**WHAT IS REQUIRED:**
From the data below, copy out every line in which the word "circ" occurs.

[Data extracted from a collection]
theorem weight_avoiding_j_eq:
  assumes "internal_seq n p xs" "j \<notin> set xs" "internal_seq n p ys" "j \<notin> set ys"
  shows "walk_weight w (0 # xs @ [n]) = walk_weight w (0 # ys @ [n])"
proof -
  obtain \<nu> where pot: "\<And>x y. x \<in> other_nodes \<Longrightarrow> y \<in> other_nodes \<Longrightarrow> x \<noteq> y \<Longrightarrow>
      w (x, y) = \<nu> + w (0, y) - w (0, x)"
    using potential_form by blast
  have weight: "walk_weight w (0 # zs @ [n]) = (real p - 2) * \<nu> + (w (0, last zs) + w (last zs, n))"
    and last_zs: "last zs \<in> other_nodes"
    if "internal_seq n p zs" "j \<notin> set zs" for zs
  proof -
    have zs: "zs \<noteq> []" "distinct zs" "set zs \<subseteq> other_nodes" "length zs = p - 1"
      using that p_ge_4 unfolding internal_seq_def by auto
    then show "last zs \<in> other_nodes"
      using last_in_set by blast
    have "walk_weight w (0 # zs @ [n]) = w (0, hd zs) + walk_weight w zs + w (last zs, n)"
      using walk_weight_Cons[of "zs @ [n]" w 0] walk_weight_append[of zs "[n]" w] zs(1) by simp
    also have "walk_weight w zs = (real (length zs) - 1) * \<nu> + w (0, last zs) - w (0, hd zs)"
      using walk_weight_potential[of other_nodes w \<nu> "\<lambda>y. w (0, y)"] pot zs(1-3) by blast
    finally show "walk_weight w (0 # zs @ [n]) = (real p - 2) * \<nu> + (w (0, last zs) + w (last zs, n))"
      using zs(4) p_ge_4 by (simp add: of_nat_diff)
  qed
  show ?thesis
    using weight[OF assms(1,2)] weight[OF assms(3,4)]
      last_arc_balance[OF last_zs[OF assms(1,2)] last_zs[OF assms(3,4)]]
    by simp
qed

end

section \<open>The facet\<close>

lemma path_points_subset_span:
  assumes "2 \<le> p"
  shows "path_points n p \<subseteq> V.span ((\<lambda>a. incidence {a}) ` arcs n)"
proof
  fix x assume "x \<in> path_points n p"
  then obtain xs where xs: "internal_seq n p xs" "x = path_point n xs"
    unfolding path_points_def by blast
  then have "path_arcs (0 # xs @ [n]) \<subseteq> arcs n"
    using assms is_p_path_iff_internal_seq path_arcs_subset_arcs by blast
  then show "x \<in> V.span ((\<lambda>a. incidence {a}) ` arcs n)"
    unfolding xs(2) path_point_def by (intro incidence_in_span) (simp_all add: path_arcs_def)
qed

lemma path_point_diff_in_span:
  assumes "4 \<le> p" "p < n" "j \<in> {1..<n}" "x0 \<in> path_points_through n p j"
    and "internal_seq n p xs" "j \<notin> set xs" "internal_seq n p ys" "j \<notin> set ys"
  shows "path_point n xs - path_point n ys \<in> V.span ((\<lambda>t. t - x0) ` path_points_through n p j)"
proof (rule ccontr)
  assume "path_point n xs - path_point n ys \<notin> V.span ((\<lambda>t. t - x0) ` path_points_through n p j)"
  then obtain f where f: "linear_functional f" "\<forall>g\<in>(\<lambda>t. t - x0) ` path_points_through n p j. f g = 0"
    "f (path_point n xs - path_point n ys) = 1"
    by (rule separating_functional)
  define w where "w = (\<lambda>a. f (incidence {a}))"
  have weight: "f (path_point n zs) = walk_weight w (0 # zs @ [n])" if "internal_seq n p zs" for zs
    using linear_functional_path_point[OF f(1) _ that] assms(1) by (simp add: w_def)
  interpret constant_weight_through_j n p j w "f x0"
  proof
    fix zs assume zs: "internal_seq n p zs" "j \<in> set zs"
    then have "f (path_point n zs - x0) = 0"
      using f(2) unfolding path_points_through_def by blast
    then show "walk_weight w (0 # zs @ [n]) = f x0"
      using weight[OF zs(1)] VR.linear_diff[OF f(1)] by simp
  qed (use assms in auto)
  have "f (path_point n xs) = f (path_point n ys)"
    using weight_avoiding_j_eq[OF assms(5-8)] weight assms(5,7) by simp
  then show False
    using f(3) VR.linear_diff[OF f(1)] by simp
qed

lemma path_points_translate_in_span:
  assumes "4 \<le> p" "p < n" "j \<in> {1..<n}" "x0 \<in> path_points_through n p j"
    and "internal_seq n p ys" "j \<notin> set ys"
  shows "\<forall>s\<in>path_points n p.
    s - x0 \<in> V.span (insert (path_point n ys - x0) ((\<lambda>t. t - x0) ` path_points_through n p j))"
proof
  let ?B = "insert (path_point n ys - x0) ((\<lambda>t. t - x0) ` path_points_through n p j)"
  fix s assume "s \<in> path_points n p"
  then obtain xs where xs: "internal_seq n p xs" "s = path_point n xs"
    unfolding path_points_def by blast
  show "s - x0 \<in> V.span ?B"
  proof (cases "j \<in> set xs")
    case True
    then have "s - x0 \<in> ?B"
      using xs unfolding path_points_through_def by blast
    then show ?thesis
      by (rule V.span_base)
  next
    case False
    then have "s - path_point n ys \<in> V.span ?B"
      using path_point_diff_in_span[OF assms(1-4) xs(1) False assms(5,6)] xs(2)
        V.span_mono[of _ ?B] by blast
    moreover have "path_point n ys - x0 \<in> V.span ?B"
      by (rule V.span_base) simp
    ultimately have "(s - path_point n ys) + (path_point n ys - x0) \<in> V.span ?B"
      by (rule V.span_add)
    then show ?thesis
      by simp
  qed
qed

lemma path_polytope_valid:
  assumes "2 \<le> p" "j \<in> {1..<n}"
  shows "\<forall>x\<in>path_polytope n p. xsum x (delta_out n j) \<le> 1"
proof -
  have "\<forall>s\<in>path_points n p. xsum s (delta_out n j) \<le> 1"
    unfolding path_points_def using xsum_delta_out_path_point[OF assms] by simp
  then show ?thesis
    unfolding path_polytope_eq[OF assms(1)] using conv_hull_xsum_le by blast
qed
lemma Schwarz_Pick:
  assumes hol: "g holomorphic_on ball 0 1" and into: "g ` ball 0 1 \<subseteq> ball 0 1"
    and a: "a \<in> ball 0 1" and b: "b \<in> ball 0 1"
  shows "pseudo_hyperbolic_dist (g a) (g b) \<le> pseudo_hyperbolic_dist a b"
proof -
  have na: "cmod (-a) < 1" and nga: "cmod (g a) < 1" using a into by (auto simp: image_subset_iff)
  define h where "h = Moebius_function 0 (g a) \<circ> g \<circ> Moebius_function 0 (-a)"
  have "g \<circ> Moebius_function 0 (-a) holomorphic_on ball 0 1"
    by (rule holomorphic_on_compose_gen[OF Moebius_function_holomorphic[OF na] hol])
       (use na in \<open>auto simp: Moebius_function_norm_lt_1\<close>)
  hence holh: "h holomorphic_on ball 0 1" unfolding h_def comp_assoc
    by (rule holomorphic_on_Moebius_compose) (use into na Moebius_function_in_ball in \<open>auto simp: nga\<close>)
  have h0: "h 0 = 0"
    by (simp add: h_def Moebius_function_of_zero Moebius_function_eq_zero)
  have hn: "cmod (h z) < 1" if "cmod z < 1" for z
  proof -
    have "g (Moebius_function 0 (-a) z) \<in> ball 0 1"
      using into Moebius_function_in_ball[OF na, of z 0] that by (meson image_subset_iff mem_ball_0)
    thus ?thesis using nga by (simp add: h_def Moebius_function_norm_lt_1)
  qed
  define \<xi> where "\<xi> = Moebius_function 0 a b"
  have \<xi>: "cmod \<xi> < 1" using a b by (simp add: \<xi>_def Moebius_function_norm_lt_1)
  have "Moebius_function 0 (-a) \<xi> = b" unfolding \<xi>_def
    by (rule Moebius_function_compose) (use a b in auto)
  hence "h \<xi> = Moebius_function 0 (g a) (g b)" by (simp add: h_def)
  with Schwarz_Lemma(1)[OF holh h0 hn \<xi>] show ?thesis
    by (simp add: pseudo_hyperbolic_dist_def \<xi>_def)
qed

lemma Schwarz_Pick_deriv:
  assumes hol: "g holomorphic_on ball 0 1" and into: "g ` ball 0 1 \<subseteq> ball 0 1"
  shows "cmod (deriv g 0) \<le> 1 - (cmod (g 0))^2"
proof -
  define w where "w = g 0"
  have nw: "cmod w < 1" using into by (force simp: w_def)
  define h where "h = Moebius_function 0 w \<circ> g"
  have holh: "h holomorphic_on ball 0 1"
    unfolding h_def by (rule holomorphic_on_Moebius_compose[OF hol into nw])
  have h0: "h 0 = 0" by (simp add: h_def w_def Moebius_function_eq_zero)
  have hn: "cmod (h z) < 1" if "cmod z < 1" for z
    using that nw into by (force simp: h_def Moebius_function_norm_lt_1)
  define D where "D = 1 - cnj w * w"
  have D: "D = of_real (1 - (cmod w)^2)"
    unfolding D_def by (simp only: of_real_diff of_real_1 complex_norm_square mult.commute)
  have Dpos: "1 - (cmod w)^2 > 0" using nw by (simp add: abs_square_less_1)
  hence "D \<noteq> 0" unfolding D by (simp only: of_real_eq_0_iff)
  hence "((\<lambda>z. (z - w) / (1 - cnj w * z)) has_field_derivative 1 / D) (at w)"
    by (auto intro!: derivative_eq_intros simp: D_def[symmetric] power2_eq_square)
  hence dm: "(Moebius_function 0 w has_field_derivative 1 / D) (at w)"
    by (simp add: Moebius_function_simple[abs_def])
  have "(g has_field_derivative deriv g 0) (at 0)"
    by (rule holomorphic_derivI[OF hol]) auto
  from DERIV_chain[OF dm[unfolded w_def] this]
  have "deriv h 0 = deriv g 0 / D"
    by (intro DERIV_imp_deriv) (simp add: h_def w_def)
  moreover have "cmod D = 1 - (cmod w)^2" unfolding D using Dpos by (simp only: norm_of_real)
  ultimately show ?thesis
    using Schwarz_Lemma(2)[OF holh h0 hn, of 0] Dpos by (simp add: norm_divide divide_le_eq w_def)
qed

lemma pseudo_hyperbolic_dist_le:
  assumes u: "cmod u < 1" and w: "cmod w < 1"
  shows "pseudo_hyperbolic_dist u w \<le> (cmod u + cmod w) / (1 + cmod u * cmod w)"
proof -
  define A where "A = cmod u"
  define B where "B = cmod w"
  define N where "N = cmod (w - u)"
  define D where "D = cmod (1 - cnj u * w)"
  have A: "0 \<le> A" "A < 1" and B: "0 \<le> B" "B < 1" using u w by (auto simp: A_def B_def)
  have "cmod (cnj u * w) < 1" using norm_mult_less[OF _ w, of "cnj u" 1] u by simp
  hence Dpos: "D > 0" unfolding D_def by (metis norm_one right_minus_eq zero_less_norm_iff order.irrefl)
  have Dle: "D \<le> 1 + A * B" unfolding D_def A_def B_def
    using norm_triangle_ineq4[of 1 "cnj u * w"] by (simp add: norm_mult)
  define P where "P = (1 - A^2) * (1 - B^2)"
  have N2: "N^2 = D^2 - P" unfolding P_def D_def N_def A_def B_def cmod_power2
    by (simp add: power2_eq_square algebra_simps)
  have AB2: "(A + B)^2 = (1 + A*B)^2 - P" unfolding P_def by (simp add: power2_eq_square algebra_simps)
  have "P \<ge> 0" using A B by (simp add: P_def power_le_one)
  moreover have "D^2 \<le> (1 + A*B)^2" using Dle Dpos by (intro power_mono) auto
  ultimately have "D^2 * P \<le> (1 + A*B)^2 * P" by (rule mult_right_mono[rotated])
  hence "(N * (1 + A*B))^2 \<le> ((A + B) * D)^2"
    unfolding power_mult_distrib N2 AB2 by (simp add: algebra_simps)
  hence "N * (1 + A*B) \<le> (A + B) * D"
    by (rule power2_le_imp_le) (use A B Dpos in auto)
  hence "N / D \<le> (A + B) / (1 + A*B)"
    using A B Dpos by (simp add: field_simps add_pos_nonneg)
  thus ?thesis
    by (simp add: pseudo_hyperbolic_dist_def Moebius_function_simple norm_divide N_def D_def A_def B_def)
qed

**EXERCISE ANSWER:**
  define h where "h = Moebius_function 0 (g a) \<circ> g \<circ> Moebius_function 0 (-a)"
  have "g \<circ> Moebius_function 0 (-a) holomorphic_on ball 0 1"
  define h where "h = Moebius_function 0 w \<circ> g"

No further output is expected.